## What to produce
Retype all of the data. Every line must match exactly.

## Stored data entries
(* In the setting below, if for some numbers $q_1,\dots,q_I$ one has $N_i^k/N^k\to q_i$ as $k\to\infty$ for every $1\le i\le I$, then $\nu_i^n/n\to q_i$ as $n\to\infty$ for every $1\le i\le I$. In particular, if the $N_i^k$ are random and $N_i^k/N^k\to q_i^*$ almost surely for all $i$, then $\nu_i^n/n\to q_i^*$ almost surely for all $i$.
   Context: Let $I\ge1$, let $0=N^0<N^1<N^2<\cdots$ be integers, and let $N_i^k$ ($1\le i\le I$, $k\ge0$) be nonnegative integers with $N_i^0=0$, $N_i^k\ge N_i^{k-1}$ and $\sum_{i=1}^IN_i^k=N^k$ for all $k$. For $k\ge1$ put $r_i^k=\frac{N_i^k-N_i^{k-1}}{N^k-N^{k-1}}$. Define integers $\nu_i^n$ ($n\ge0$) recursively: $\nu_i^0=0$ for all $i$; for $n\ge1$, with $k$ the unique integer such that $N^{k-1}<n\le N^k$, let $i_n$ be an index maximizing $r_i^k-\frac{\nu_i^{n-1}-N_i^{k-1}}{n-N^{k-1}}$ over $1\le i\le I$ (ties broken by choosing the largest $r_i^k$, and if still tied the largest $i$), and set $\nu_{i_n}^n=\nu_{i_n}^{n-1}+1$, $\nu_i^n=\nu_i^{n-1}$ for $i\ne i_n$. *)

theory Defs
  imports Complex_Main
begin

definition blk :: "(nat \<Rightarrow> nat) \<Rightarrow> nat \<Rightarrow> nat" where
  "blk N n = (THE k. 1 \<le> k \<and> N (k - 1) < n \<and> n \<le> N k)"

definition rr :: "(nat \<Rightarrow> nat) \<Rightarrow> (nat \<Rightarrow> nat \<Rightarrow> nat) \<Rightarrow> nat \<Rightarrow> nat \<Rightarrow> real" where
  "rr N Ni i k = (real (Ni i k) - real (Ni i (k - 1))) / (real (N k) - real (N (k - 1)))"

definition pick :: "(nat \<Rightarrow> real) \<Rightarrow> (nat \<Rightarrow> real) \<Rightarrow> nat \<Rightarrow> nat" where
  "pick S R I = (THE i. i \<in> {1..I} \<and>
     (\<forall>j\<in>{1..I}. S j < S i \<or> (S j = S i \<and> (R j < R i \<or> (R j = R i \<and> j \<le> i)))))"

## Exercise solution
(* In the setting below, if for some numbers $q_1,\dots,q_I$ one has $N_i^k/N^k\to q_i$ as $k\to\infty$ for every $1\le i\le I$, then $\nu_i^n/n\to q_i$ as $n\to\infty$ for every $1\le i\le I$. In particular, if the $N_i^k$ are random and $N_i^k/N^k\to q_i^*$ almost surely for all $i$, then $\nu_i^n/n\to q_i^*$ almost surely for all $i$.
   Context: Let $I\ge1$, let $0=N^0<N^1<N^2<\cdots$ be integers, and let $N_i^k$ ($1\le i\le I$, $k\ge0$) be nonnegative integers with $N_i^0=0$, $N_i^k\ge N_i^{k-1}$ and $\sum_{i=1}^IN_i^k=N^k$ for all $k$. For $k\ge1$ put $r_i^k=\frac{N_i^k-N_i^{k-1}}{N^k-N^{k-1}}$. Define integers $\nu_i^n$ ($n\ge0$) recursively: $\nu_i^0=0$ for all $i$; for $n\ge1$, with $k$ the unique integer such that $N^{k-1}<n\le N^k$, let $i_n$ be an index maximizing $r_i^k-\frac{\nu_i^{n-1}-N_i^{k-1}}{n-N^{k-1}}$ over $1\le i\le I$ (ties broken by choosing the largest $r_i^k$, and if still tied the largest $i$), and set $\nu_{i_n}^n=\nu_{i_n}^{n-1}+1$, $\nu_i^n=\nu_i^{n-1}$ for $i\ne i_n$. *)

theory Defs
  imports Complex_Main
begin

definition blk :: "(nat \<Rightarrow> nat) \<Rightarrow> nat \<Rightarrow> nat" where
  "blk N n = (THE k. 1 \<le> k \<and> N (k - 1) < n \<and> n \<le> N k)"

definition rr :: "(nat \<Rightarrow> nat) \<Rightarrow> (nat \<Rightarrow> nat \<Rightarrow> nat) \<Rightarrow> nat \<Rightarrow> nat \<Rightarrow> real" where
  "rr N Ni i k = (real (Ni i k) - real (Ni i (k - 1))) / (real (N k) - real (N (k - 1)))"

definition pick :: "(nat \<Rightarrow> real) \<Rightarrow> (nat \<Rightarrow> real) \<Rightarrow> nat \<Rightarrow> nat" where
  "pick S R I = (THE i. i \<in> {1..I} \<and>
     (\<forall>j\<in>{1..I}. S j < S i \<or> (S j = S i \<and> (R j < R i \<or> (R j = R i \<and> j \<le> i)))))"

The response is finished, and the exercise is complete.